Yahoo! Tech
- Website type: Information, News
- Owner: Yahoo!
- Editors: David Pogue & Team
- Website: Yahoo! Tech
- Commercial: Yes
- Registration: Optional
- Launched: January 2014
- Current status: Active

= Yahoo Tech =

Technology news website

Yahoo! Tech is a technology news web site operated by Yahoo!.

==Former Yahoo! Tech==
The site, which was the first new product from the Santa Monica, California-based Yahoo! Media Group, featured a selection of original, licensed, and user-generated content, along with product ratings and reviews for thousands of tech products across 19 product categories. Plus, the site could be personalized using its "My Tech" feature, which allows users to save products that they own and would like to research in the future.

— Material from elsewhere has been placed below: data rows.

lemma valid_attack_opt: "valid_attack 4 Mvac_opt Mopt phi"
proof -
  have "positive_op Mvac_opt"
    unfolding Mvac_opt_def using positive_op_divide[OF positive_op_outer, of 2] by simp
  then show ?thesis
    using Mvac_opt_sum_Mopt inner_phi_phi by (simp add: valid_attack_def Mopt_def positive_op_outer)
qed

lemma weights_Mopt_phi:
  assumes "m \<in> {0, 1, 2, 3}"
  shows "error_weight (Mopt m) (phi m) = (2 - r2) / 4"
    and "sift_weight (Mopt m) (phi m) = (4 - r2) / 4"
  using assms
  unfolding error_weight_def sift_weight_def sum_lessThan_4 sum_UNIV_bool Mopt_def quad_form_outer
    signal_pair_def
  by (auto simp only: insert_iff empty_iff signal_vec2 filtered_mat2 tket_vec2 chi_vec4 phi_vec2
      if_True if_False not_True_eq_False not_False_eq_True app_mat2_vec2 vec2_apply)
    (simp_all add: inner_vec4 field_simps pi8_simps)

theorem theorem5:
  shows "(\<forall>J Mvac M sigma. valid_attack J Mvac M sigma \<longrightarrow>
              Re (trace (rhoAB J M sigma)) > 0 \<longrightarrow> ebit (rhoAB J M sigma) \<ge> (3 - sqrt 2) / 7)
       \<and> valid_attack 4 Mvac_opt Mopt phi
       \<and> Re (trace (rhoAB 4 Mopt phi)) > 0
       \<and> ebit (rhoAB 4 Mopt phi) = (3 - sqrt 2) / 7
       \<and> Mvac_opt = (\<lambda>x y. outer (\<lambda>z. tket (phi 3) (phi 1) z - tket (phi 1) (phi 3) z)
                                 (\<lambda>z. tket (phi 3) (phi 1) z - tket (phi 1) (phi 3) z) x y / 2)
       \<and> (\<forall>m. app Mvac_opt (tket (phi m) (phi m)) = (\<lambda>_. 0))"
proof -
  have error: "rhoAB 4 Mopt phi (False, True) (False, True) + rhoAB 4 Mopt phi (True, False) (True, False)
      = 2 - r2"
    by (simp add: rhoAB_error_entries sum_lessThan_4 weights_Mopt_phi field_simps)
  have trace: "trace (rhoAB 4 Mopt phi) = 4 - r2"
    by (simp add: trace_rhoAB sum_lessThan_4 weights_Mopt_phi field_simps)
  have "sqrt 2 < 4"
    using sqrt2_less_2 by linarith
  then have trace_pos: "Re (trace (rhoAB 4 Mopt phi)) > 0"
    by (simp add: trace)
  have "ebit (rhoAB 4 Mopt phi) = (2 - sqrt 2) / (4 - sqrt 2)"
    by (simp add: ebit_def error trace)
  also have "\<dots> = (3 - sqrt 2) / 7"
    using \<open>sqrt 2 < 4\<close> by (simp add: field_simps algebra_simps)
  finally show ?thesis
    using ebit_lower_bound valid_attack_opt trace_pos Mvac_opt_phi31 Mvac_opt_annihilates_pairs
    by blast
qed

end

The site's original content included a weekly web-based reality show called Hook Me Up, where Yahoo! users got a tech makeover—as well as four featured "Yahoo! Tech Advisors," who blogged about how gadgets and current technology affect their lives from the four very different demographic segments (The Mom, The Techie Diva, The Working Guy, and the Boomer.) Yahoo! Tech's content partners included Consumer Reports, Wiley Publishing's For Dummies series, and McGraw-Hill; and it incorporated Yahoo!'s community, search, and shopping services.

==Former Yahoo! Tech Bloggers==
- Gina Hughes
- Christopher Null
- Ben Patterson
- Becky Worley
- Alexander Yoon
- Robin Raskin
- Dory Devlin
- Tom Samiljan

==Modern Yahoo! Tech==

Re-established Q1 2014, David Pogue, who joined Yahoo! after being asked by CEO Marissa Mayer, and his team deliver news on the changing trends of technology in a jargon-free manner.